Jeremy Conlin, (@jeremy_conlin): This is definitely Crawford. When Williams is going for a heat check, he at least strikes some balance between opportunity and responsibility. Crawford makes no attempt to find such a balance, or even acknowledge that such a balance exists. A pull-up 30-footer? No problem. 14 seconds of crossovers followed by a step-back three with a hand in his face? You betcha. Careening into the paint and throwing up a floater that he might as well be taking blindfolded? Yeah, that just happened. When Crawford is hot, there is literally no shot that he won’t take.
2. Utah is only a half a game back of Golden State and three games back of Denver. Where do the Jazz finish in the West?
Heimer: Sixth. Of course, with the West as ultra-competitive as ever, and the disappointing Lakers still lurking, it wouldn’t surprise me if Jazz were to slip out of the playoffs entirely. But, contrasted with the plodding and banged-up Lakers, a Golden State team whose defense has dramatically regressed in 2013, and a thinned-out Rockets, the Jazz, with their core of dependable bigs and legendary home-court edge, seem like a good bet to continue their consistent play.
Shagrin: 7th, 8th, or out. The Jazz have a pretty moderate schedule the rest of the way through the season and should continue winning at the same consistent clip. Where the Jazz finish in the standings is much more a question of how erratic the Warriors and Rockets play in the final stretch and whether the Lakers start playing like a team with multiple first-ballot Hall of Famers.
Conlin: They aren’t too far back from Golden State and Denver, but at the same time, they aren’t very far ahead of Houston and Los Angeles, either. The Lakers, Rockets, and Dubs are teams that see their performance fluctuate pretty wildly from game to game. Golden State and Houston because of their reliance on the three ball, and the Lakers because you just don’t know which Laker team going to show up. I think it’s doubtful that Utah catches Denver, but I can see Golden State, Utah, Houston, and LA finishing in just about any order.
3. Al Jefferson is averaging 22.7 points per game against the Clippers this season. Does he continue to beat the Clips in the post Saturday night?
Heimer: The real question isn’t whether Jefferson will continue to abuse the Clippers in the post – he will. The question is how the Clippers counter. Although DJ is still susceptible to leaving his feet on a head-fake, he has been the only Clipper big to demonstrate a consistent ability to defend bigger scorers like Jefferson, Nene, and Marc Gasol; Lamar Odom and Ronny Turiaf simply don’t have the strength to keep these players from establishing deep position. And yet, Jordan hasn’t seen the floor during crunch time of Jazz games in the past – will that change tonight?
Shagrin: More than likely. But Al Jefferson beating the Clippers on the offensive end is a sacrifice Vinny Del Negro should be willing to make given Jefferson’s notoriously awful pick n’ roll defense.
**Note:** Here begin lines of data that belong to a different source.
(* Suppose $K\in\mathbb{K}$, $K'=K-2\eta L^K$ and $$0<\eta\le\frac{1}{2\|R+B^T\mathcal{E}(P^K)B\|_{\max}}.$$ Then $$C(K')-C(K^* )\le\Big(1-\frac{2\mu\Lambda_{\min}(R)}{\|\mathbf{X}^{K^*}\|_{\max}}\eta\Big)\big(C(K)-C(K^* )\big).$$
   Context: Let $N_s\ge 1$, $\Omega=\{1,\dots,N_s\}$; tuples $V=(V_1,\dots,V_{N_s})$ of matrices are combined componentwise, $\|V\|_{\max}=\max_i\|V_i\|$ (spectral norm), $\Lambda_{\min}(V)=\min_i\sigma_{\min}(V_i)$. Markovian jump linear system: $x_{t+1}=A_{\omega(t)}x_t+B_{\omega(t)}u_t$, $A_i\in\mathbb{R}^{d\times d}$, $B_i\in\mathbb{R}^{d\times k}$; $\{\omega(t)\}$ is a time-homogeneous Markov chain on $\Omega$ with transition probabilities $p_{ij}$ and initial distribution $\pi$ with $\pi_i>0$; $x_0$ is random, independent of the chain, with $\mathbb{E}[x_0x_0^T]\succ0$. The system is mean-square stabilizable. $Q=(Q_i)\succ0$, $R=(R_i)\succ0$. For $K=(K_i)$, $K_i\in\mathbb{R}^{k\times d}$, $u_t=-K_{\omega(t)}x_t$ and $C(K)=\mathbb{E}[\sum_{t\ge0}x_t^TQ_{\omega(t)}x_t+u_t^TR_{\omega(t)}u_t]$. $\mathbb{K}$ is the set of $K$ making the closed loop $x_{t+1}=\Gamma_{\omega(t)}x_t$, $\Gamma_i=A_i-B_iK_i$, mean-square stable (equivalently $C(K)<\infty$). $K^*$ is the optimal gain minimizing $C$ over $\mathbb{K}$. $\mathcal{E}_i(V)=\sum_jp_{ij}V_j$; $\mathcal{T}_j(V)=\sum_ip_{ij}\Gamma_iV_i\Gamma_i^T$. For $K\in\mathbb{K}$: $P^K$ solves $P_i^K=Q_i+K_i^TR_iK_i+\Gamma_i^T\mathcal{E}_i(P^K)\Gamma_i$; $L_i^K=(R_i+B_i^T\mathcal{E}_i(P^K)B_i)K_i-B_i^T\mathcal{E}_i(P^K)A_i$; $X_i(0)=\mathbb{E}[x_0x_0^T\mathbf{1}\{\omega(0)=i\}]$, $\mathbf{X}^K=\sum_{t\ge0}\mathcal{T}^t(X(0))$. $\mu=\min_i\pi_i\,\sigma_{\min}(\mathbb{E}[x_0x_0^T])$. *)

theory Defs
  imports "HOL-Analysis.Analysis" "HOL-Probability.Probability"
begin

definition specnorm :: "real^'n^'m \<Rightarrow> real" where
  "specnorm M = onorm (\<lambda>x. M *v x)"

definition sigma_min :: "real^'n^'n \<Rightarrow> real" where
  "sigma_min M = Inf {norm (M *v x) | x. norm x = 1}"

definition posdef :: "real^'n^'n \<Rightarrow> bool" where
  "posdef M \<longleftrightarrow> transpose M = M \<and> (\<forall>x. x \<noteq> 0 \<longrightarrow> x \<bullet> (M *v x) > 0)"

definition max_norm :: "('m::finite \<Rightarrow> real^'n^'k) \<Rightarrow> real" where
  "max_norm V = Max (range (\<lambda>i. specnorm (V i)))"

definition Lambda_min :: "('m::finite \<Rightarrow> real^'n^'n) \<Rightarrow> real" where
  "Lambda_min V = Min (range (\<lambda>i. sigma_min (V i)))"

definition Gam :: "('m \<Rightarrow> real^'d^'d) \<Rightarrow> ('m \<Rightarrow> real^'k^'d) \<Rightarrow> ('m \<Rightarrow> real^'d^'k) \<Rightarrow> 'm \<Rightarrow> real^'d^'d" where
  "Gam A B K i = A i - B i ** K i"

text \<open>State transition along a mode path w: \<Phi>_w(t) = \<Gamma>_{w(t-1)} \<dots> \<Gamma>_{w 0}, so x_t = \<Phi>_w(t) x_0.\<close>
fun Phi :: "('m \<Rightarrow> real^'d^'d) \<Rightarrow> (nat \<Rightarrow> 'm) \<Rightarrow> nat \<Rightarrow> real^'d^'d" where
  "Phi G w 0 = mat 1"
| "Phi G w (Suc t) = G (w t) ** Phi G w t"

definition paths :: "nat \<Rightarrow> (nat \<Rightarrow> 'm) set" where
  "paths t = {0..t} \<rightarrow>\<^sub>E UNIV"

definition path_trans :: "('m \<Rightarrow> 'm \<Rightarrow> real) \<Rightarrow> (nat \<Rightarrow> 'm) \<Rightarrow> nat \<Rightarrow> real" where
  "path_trans p w t = (\<Prod>s<t. p (w s) (w (Suc s)))"

definition stochastic :: "('m::finite \<Rightarrow> 'm \<Rightarrow> real) \<Rightarrow> bool" where
  "stochastic p \<longleftrightarrow> (\<forall>i j. p i j \<ge> 0) \<and> (\<forall>i. (\<Sum>j\<in>UNIV. p i j) = 1)"

text \<open>Mean-square stability of the closed loop x_{t+1} = \<Gamma>_{\<omega>(t)} x_t:
  for every initial mode and every initial state, E |x_t|^2 \<rightarrow> 0.\<close>
definition mss :: "('m::finite \<Rightarrow> 'm \<Rightarrow> real) \<Rightarrow> ('m \<Rightarrow> real^'d^'d) \<Rightarrow> bool" where
  "mss p G \<longleftrightarrow> (\<forall>i0 (x::real^'d).
     (\<lambda>t. \<Sum>w\<in>{w\<in>paths t. w 0 = i0}. path_trans p w t * (norm (Phi G w t *v x))\<^sup>2)
       \<longlonglongrightarrow> 0)"

definition stabK :: "('m::finite \<Rightarrow> 'm \<Rightarrow> real) \<Rightarrow> ('m \<Rightarrow> real^'d^'d) \<Rightarrow> ('m \<Rightarrow> real^'k^'d)
    \<Rightarrow> ('m \<Rightarrow> real^'d^'k) set" where
  "stabK p A B = {K. mss p (Gam A B K)}"

text \<open>Cost C(K) = E[\<Sum>_t x_t^T Q x_t + u_t^T R u_t] with u_t = -K x_t, where
  x_0 is a random vector on the probability space M, independent of the mode chain
  (initial distribution \<pi>, transitions p).  The expectation over the (finite) mode
  path is written out as a sum over paths weighted by their probabilities; the value is
  an extended real (possibly \<infinity>).\<close>
definition cost :: "'a measure \<Rightarrow> ('a \<Rightarrow> real^'d) \<Rightarrow> ('m::finite \<Rightarrow> real) \<Rightarrow> ('m \<Rightarrow> 'm \<Rightarrow> real)
    \<Rightarrow> ('m \<Rightarrow> real^'d^'d) \<Rightarrow> ('m \<Rightarrow> real^'k^'d) \<Rightarrow> ('m \<Rightarrow> real^'d^'d) \<Rightarrow> ('m \<Rightarrow> real^'k^'k)
    \<Rightarrow> ('m \<Rightarrow> real^'d^'k) \<Rightarrow> ereal" where
  "cost M x0 \<pi> p A B Q R K =
    (\<Sum>t. ereal (\<Sum>w\<in>paths t. \<pi> (w 0) * path_trans p w t *
        (\<integral>\<omega>. (let x = Phi (Gam A B K) w t *v x0 \<omega>; u = - (K (w t) *v x)
               in x \<bullet> (Q (w t) *v x) + u \<bullet> (R (w t) *v u)) \<partial>M)))"

definition second_moment :: "'a measure \<Rightarrow> ('a \<Rightarrow> real^'d) \<Rightarrow> real^'d^'d" where
  "second_moment M x0 = (\<chi> i j. \<integral>\<omega>. x0 \<omega> $ i * x0 \<omega> $ j \<partial>M)"

definition Eop :: "('m::finite \<Rightarrow> 'm \<Rightarrow> real) \<Rightarrow> ('m \<Rightarrow> real^'n^'n) \<Rightarrow> 'm \<Rightarrow> real^'n^'n" where
  "Eop p V i = (\<Sum>j\<in>UNIV. p i j *\<^sub>R V j)"

definition Top :: "('m::finite \<Rightarrow> 'm \<Rightarrow> real) \<Rightarrow> ('m \<Rightarrow> real^'d^'d) \<Rightarrow> ('m \<Rightarrow> real^'d^'d) \<Rightarrow> 'm \<Rightarrow> real^'d^'d" where
  "Top p G V j = (\<Sum>i\<in>UNIV. p i j *\<^sub>R (G i ** V i ** transpose (G i)))"

definition PK :: "('m::finite \<Rightarrow> 'm \<Rightarrow> real) \<Rightarrow> ('m \<Rightarrow> real^'d^'d) \<Rightarrow> ('m \<Rightarrow> real^'k^'d)
    \<Rightarrow> ('m \<Rightarrow> real^'d^'d) \<Rightarrow> ('m \<Rightarrow> real^'k^'k) \<Rightarrow> ('m \<Rightarrow> real^'d^'k) \<Rightarrow> 'm \<Rightarrow> real^'d^'d" where
  "PK p A B Q R K = (THE P. \<forall>i. P i = Q i + transpose (K i) ** R i ** K i
       + transpose (Gam A B K i) ** Eop p P i ** Gam A B K i)"

definition LK :: "('m::finite \<Rightarrow> 'm \<Rightarrow> real) \<Rightarrow> ('m \<Rightarrow> real^'d^'d) \<Rightarrow> ('m \<Rightarrow> real^'k^'d)
    \<Rightarrow> ('m \<Rightarrow> real^'d^'d) \<Rightarrow> ('m \<Rightarrow> real^'k^'k) \<Rightarrow> ('m \<Rightarrow> real^'d^'k) \<Rightarrow> 'm \<Rightarrow> real^'d^'k" where
  "LK p A B Q R K i = (let P = PK p A B Q R K in
      (R i + transpose (B i) ** Eop p P i ** B i) ** K i - transpose (B i) ** Eop p P i ** A i)"

text \<open>X_i(0) = E[x_0 x_0^T 1{\<omega>(0)=i}] = \<pi>_i E[x_0 x_0^T] (independence).\<close>
definition X0 :: "'a measure \<Rightarrow> ('a \<Rightarrow> real^'d) \<Rightarrow> ('m \<Rightarrow> real) \<Rightarrow> 'm \<Rightarrow> real^'d^'d" where
  "X0 M x0 \<pi> i = \<pi> i *\<^sub>R second_moment M x0"

definition XK :: "'a measure \<Rightarrow> ('a \<Rightarrow> real^'d) \<Rightarrow> ('m::finite \<Rightarrow> real) \<Rightarrow> ('m \<Rightarrow> 'm \<Rightarrow> real)
    \<Rightarrow> ('m \<Rightarrow> real^'d^'d) \<Rightarrow> ('m \<Rightarrow> real^'k^'d) \<Rightarrow> ('m \<Rightarrow> real^'d^'k) \<Rightarrow> 'm \<Rightarrow> real^'d^'d" where
  "XK M x0 \<pi> p A B K i = (\<Sum>t. ((Top p (Gam A B K) ^^ t) (X0 M x0 \<pi>)) i)"

definition mu :: "'a measure \<Rightarrow> ('a \<Rightarrow> real^'d) \<Rightarrow> ('m::finite \<Rightarrow> real) \<Rightarrow> real" where
  "mu M x0 \<pi> = Min (range \<pi>) * sigma_min (second_moment M x0)"

end

theory Submission
  imports Defs
begin

(* Write L_K for the operator V |-> (Gamma_i^T E_i(V) Gamma_i)_i.  For a mean-square stabilizing
   gain K, P^K is the unique solution of P = Q + K^T R K + L_K P, namely the sum of the series
   sum_t L_K^t (Q + K^T R K), and C(K) = E[x_0^T P^K_omega(0) x_0].  For another stabilizing gain
   K', P^K' - P^K = sum_t L_K'^t Y, where the residual Y of P^K in the equation of K' satisfies
   x^T Y_i x = d^T (R_i + B_i^T E_i(P^K) B_i) d - 2 d^T L^K_i x with d = (K_i - K'_i) x.
   For the gradient step K' = K - 2 eta L^K the residual is at most -2 eta |L^K x|^2: this makes K'
   stabilizing and lowers the cost by at least 2 eta mu sum_i |L^K_i|_F^2.  For K' = Kopt,
   completing the square bounds the residual below by -|L^K x|^2 / Lambda_min R; summing along the
   closed loop of Kopt, whose accumulated state covariance is X^Kopt, bounds C(K) - C(Kopt) by
   |X^Kopt|_max sum_i |L^K_i|_F^2 / Lambda_min R.  The two bounds combine to the linear rate. *)

section \<open>Bilinear forms of matrices\<close>

definition bilin :: "real^'n^'n \<Rightarrow> real^'n \<Rightarrow> real^'n \<Rightarrow> real" where
  "bilin M u v = u \<bullet> (M *v v)"

lemma bilin_entries: "bilin M u v = (\<Sum>a\<in>UNIV. \<Sum>b\<in>UNIV. u$a * M$a$b * v$b)"
  by (simp add: bilin_def inner_vec_def matrix_vector_mult_def sum_distrib_left mult_ac)

lemma bilin_add: "bilin (M + N) u v = bilin M u v + bilin N u v"
  by (simp add: bilin_def matrix_vector_mult_add_rdistrib inner_add_right)

lemma bilin_diff: "bilin (M - N) u v = bilin M u v - bilin N u v"
  by (simp add: bilin_def matrix_vector_mult_diff_rdistrib inner_diff_right)

lemma bilin_scaleR: "bilin (c *\<^sub>R M) u v = c * bilin M u v"
  by (simp add: bilin_entries sum_distrib_left mult_ac)

lemma bilin_uminus: "bilin (- M) u v = - bilin M u v"
  by (simp add: bilin_entries sum_negf)

lemma bilin_zero [simp]: "bilin 0 u v = 0"
  by (simp add: bilin_def)

lemma bilin_sum: "bilin (\<Sum>j\<in>S. f j) u v = (\<Sum>j\<in>S. bilin (f j) u v)"
  by (induction S rule: infinite_finite_induct) (auto simp: bilin_add)

lemma bilin_mat_1: "bilin (mat 1) u v = u \<bullet> v"
  by (simp add: bilin_def)

lemma bilin_add_left: "bilin M (a + b) c = bilin M a c + bilin M b c"
  by (simp add: bilin_def inner_add_left)

lemma bilin_add_right: "bilin M a (b + c) = bilin M a b + bilin M a c"
  by (simp add: bilin_def matrix_vector_right_distrib inner_add_right)

lemma bilin_diff_left: "bilin M (a - b) c = bilin M a c - bilin M b c"
  by (simp add: bilin_def inner_diff_left)

lemma bilin_diff_right: "bilin M a (b - c) = bilin M a b - bilin M a c"
  by (simp add: bilin_def matrix_vector_mult_diff_distrib inner_diff_right)

lemma bilin_scaleR_left: "bilin M (r *\<^sub>R a) c = r * bilin M a c"
  by (simp add: bilin_def)

lemma bilin_scaleR_right: "bilin M a (r *\<^sub>R c) = r * bilin M a c"
  by (simp add: bilin_def matrix_vector_mult_scaleR)

lemma inner_transpose_right: "(u::real^'n) \<bullet> (transpose G *v z) = (G *v u) \<bullet> z"
  by (metis dot_lmul_matrix inner_commute transpose_matrix_vector)

lemma bilin_congruence: "bilin (transpose G ** V ** G) u v = bilin V (G *v u) (G *v v)"
  by (simp only: bilin_def matrix_vector_mul_assoc[symmetric] inner_transpose_right)

lemma bilin_gram: "bilin (transpose L ** L) x x = (norm (L *v x))\<^sup>2"
  using bilin_congruence[of L "mat 1" x x] by (simp add: bilin_mat_1 power2_norm_eq_inner)

lemma bilin_transpose: "bilin (transpose M) u v = bilin M v u"
  by (simp add: bilin_def) (metis dot_lmul_matrix inner_commute)

lemma transpose_add: "transpose (X + Y) = transpose X + transpose (Y::real^'n^'n)"
  by (simp add: transpose_def vec_eq_iff)

lemma bilin_commute: "transpose M = M \<Longrightarrow> bilin M u v = bilin M v u"
  by (metis bilin_transpose)

lemma bilin_axis: "bilin M (axis a 1) (axis b 1) = M$a$b"
proof -
  have "M *v axis b 1 = column b M"
    by (simp add: matrix_vector_mult_def column_def axis_def if_distrib cong: if_cong)
  then show ?thesis by (simp add: bilin_def inner_axis' column_def)
qed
If Big Al expends his energy carrying the load on offense, he’ll have an even tougher time keeping his feet under him on defense.
Conlin: For this Utah team, it almost might be better to just give Jefferson his points. Jefferson’s best game against the Clips this season (December 30th – 13/22 from the floor, 30 points) was actually the easiest win for the Clippers of the three (107-96 at home). Jefferson is is a tough matchup because it’s very hard to force him into turnovers, even when you double-team him. His turnover rate of 6.7 percent is third-best in the league. Meanwhile, he shoots just 49 percent from the floor, not a spectacular number from a post guy. If you give him his shots and his points and stay at home on Utah’s shooters, that’s probably the best game-plan. Jefferson just isn’t the type of guy that will drop 50 points if you single cover him every time.